• **Work instruction**
Look through the records below for the line with "indep X < int k" and the line with "nat \<Rightarrow> nat", then return those lines and all lines between, exactly.

• **The data**
(* Let $t\ge 2$ be an integer and let $M$ be a $t$-spike of order at least $4t-4$. Then $M$ is $(2t-1)$-connected.
   Context: For a positive integer $t$, a matroid $M$ is a $t$-spike of order $r$ (where $r\ge t$) if there is a partition $(A_1,\ldots,A_r)$ of $E(M)$ into 2-element sets such that, for every $t$-element subset $J\subseteq\{1,\dots,r\}$, the set $\bigcup_{j\in J}A_j$ is both a circuit and a cocircuit of $M$. The connectivity function of $M$ with ground set $E$ is $\lambda(X)=r(X)+r(E-X)-r(M)$. A partition $(X,E-X)$ is a $k$-separation if $\lambda(X)<k$, $|X|\ge k$ and $|E-X|\ge k$; $M$ is $n$-connected if it has no $k$-separation for any $k<n$. *)

theory Defs
  imports Main
begin

definition matroid :: "'a set \<Rightarrow> ('a set \<Rightarrow> bool) \<Rightarrow> bool" where
  "matroid E indep \<longleftrightarrow> finite E
     \<and> (\<forall>X. indep X \<longrightarrow> X \<subseteq> E)
     \<and> indep {}
     \<and> (\<forall>X Y. indep Y \<and> X \<subseteq> Y \<longrightarrow> indep X)
     \<and> (\<forall>X Y. indep X \<and> indep Y \<and> card X < card Y \<longrightarrow> (\<exists>e\<in>Y - X. indep (insert e X)))"

definition mrank :: "('a set \<Rightarrow> bool) \<Rightarrow> 'a set \<Rightarrow> nat" where
  "mrank indep X = Max {card I | I. I \<subseteq> X \<and> indep I}"

definition mbasis :: "('a set \<Rightarrow> bool) \<Rightarrow> 'a set \<Rightarrow> bool" where
  "mbasis indep B \<longleftrightarrow> indep B \<and> (\<forall>X. indep X \<and> B \<subseteq> X \<longrightarrow> X = B)"

definition mcircuit :: "'a set \<Rightarrow> ('a set \<Rightarrow> bool) \<Rightarrow> 'a set \<Rightarrow> bool" where
  "mcircuit E indep C \<longleftrightarrow> C \<subseteq> E \<and> \<not> indep C \<and> (\<forall>D. D \<subset> C \<longrightarrow> indep D)"

definition dual_indep :: "'a set \<Rightarrow> ('a set \<Rightarrow> bool) \<Rightarrow> 'a set \<Rightarrow> bool" where
  "dual_indep E indep X \<longleftrightarrow> X \<subseteq> E \<and> (\<exists>B. mbasis indep B \<and> X \<subseteq> E - B)"

definition mcocircuit :: "'a set \<Rightarrow> ('a set \<Rightarrow> bool) \<Rightarrow> 'a set \<Rightarrow> bool" where
  "mcocircuit E indep C \<longleftrightarrow> mcircuit E (dual_indep E indep) C"

definition mconn :: "'a set \<Rightarrow> ('a set \<Rightarrow> bool) \<Rightarrow> 'a set \<Rightarrow> int" where
  "mconn E indep X = int (mrank indep X) + int (mrank indep (E - X)) - int (mrank indep E)"

definition k_separation :: "'a set \<Rightarrow> ('a set \<Rightarrow> bool) \<Rightarrow> nat \<Rightarrow> 'a set \<Rightarrow> bool" where
  "k_separation E indep k X \<longleftrightarrow> X \<subseteq> E \<and> mconn E indep X < int k
     \<and> card X \<ge> k \<and> card (E - X) \<ge> k"

definition n_connected :: "'a set \<Rightarrow> ('a set \<Rightarrow> bool) \<Rightarrow> nat \<Rightarrow> bool" where
  "n_connected E indep n \<longleftrightarrow> (\<forall>k. 0 < k \<and> k < n \<longrightarrow> (\<forall>X. \<not> k_separation E indep k X))"

definition t_spike :: "'a set \<Rightarrow> ('a set \<Rightarrow> bool) \<Rightarrow> nat \<Rightarrow> nat \<Rightarrow> bool" where
  "t_spike E indep t r \<longleftrightarrow> 0 < t \<and> t \<le> r \<and>
     (\<exists>A :: nat \<Rightarrow> 'a set.
        (\<forall>i\<in>{1..r}. card (A i) = 2)
      \<and> (\<forall>i\<in>{1..r}. \<forall>j\<in>{1..r}. i \<noteq> j \<longrightarrow> A i \<inter> A j = {})
      \<and> (\<Union>i\<in>{1..r}. A i) = E
      \<and> (\<forall>J. J \<subseteq> {1..r} \<and> card J = t \<longrightarrow>
            mcircuit E indep (\<Union>j\<in>J. A j) \<and> mcocircuit E indep (\<Union>j\<in>J. A j)))"
lemma power_fun_add:
  assumes a: "a < n" and b: "b < n"
  shows "power_fun ((a + b) mod n) = (power_fun a * power_fun b) mod p"
proof -
  have "f (((a + b) mod n + y) mod n) = (f ((a + b) mod n) + (f ^^ (power_fun a * power_fun b)) y) mod n"
    if y: "y < n" for y
  proof -
    have "f (((a + b) mod n + y) mod n) = f ((a + (b + y) mod n) mod n)"
      by (simp add: mod_simps add.assoc)
    also have "\<dots> = (f a + ((f ^^ power_fun a) b + (f ^^ (power_fun a * power_fun b)) y) mod n) mod n"
      using skew_power_fun[OF a] funpow_skew[OF b y] n_gt_1 by simp
    also have "\<dots> = ((f a + (f ^^ power_fun a) b) mod n + (f ^^ (power_fun a * power_fun b)) y) mod n"
      by (simp add: mod_simps add.assoc)
    also have "\<dots> = (f ((a + b) mod n) + (f ^^ (power_fun a * power_fun b)) y) mod n"
      using skew_power_fun[OF a b] by simp
    finally show ?thesis .
  qed
  then show ?thesis
    using power_fun_unique[of "(a + b) mod n"] n_gt_1 by simp
qed

lemma power_fun_eq_pow: "a < n \<Longrightarrow> power_fun a = power_fun 1 ^ a mod p"
proof (induction a)
  case 0
  then show ?case using power_fun_0 p_gt_1 by simp
next
  case (Suc a)
  then have "power_fun (Suc a) = (power_fun a * power_fun 1) mod p"
    using power_fun_add[of a 1] n_gt_1 by simp
  also have "\<dots> = (power_fun 1 ^ a mod p * power_fun 1) mod p"
    using Suc by simp
  also have "\<dots> = power_fun 1 ^ Suc a mod p"
    by (simp add: mod_mult_right_eq mult.commute)
  finally show ?case .
qed

lemma power_fun_1_pow_n: "[power_fun 1 ^ n = 1] (mod p)"
proof -
  have "power_fun ((n - 1 + 1) mod n) = (power_fun 1 ^ (n - 1) mod p * power_fun 1) mod p"
    using power_fun_add[of "n - 1" 1] power_fun_eq_pow[of "n - 1"] n_gt_1 by simp
  then have "1 = power_fun 1 ^ n mod p"
    using n_gt_1 power_fun_0 by (simp add: mod_mult_left_eq power_Suc2[symmetric] del: power_Suc)
  then show ?thesis using p_gt_1 by (simp add: cong_def)
qed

• **Answer below**
  "k_separation E indep k X \<longleftrightarrow> X \<subseteq> E \<and> mconn E indep X < int k
     \<and> card X \<ge> k \<and> card (E - X) \<ge> k"

definition n_connected :: "'a set \<Rightarrow> ('a set \<Rightarrow> bool) \<Rightarrow> nat \<Rightarrow> bool" where
  "n_connected E indep n \<longleftrightarrow> (\<forall>k. 0 < k \<and> k < n \<longrightarrow> (\<forall>X. \<not> k_separation E indep k X))"

definition t_spike :: "'a set \<Rightarrow> ('a set \<Rightarrow> bool) \<Rightarrow> nat \<Rightarrow> nat \<Rightarrow> bool" where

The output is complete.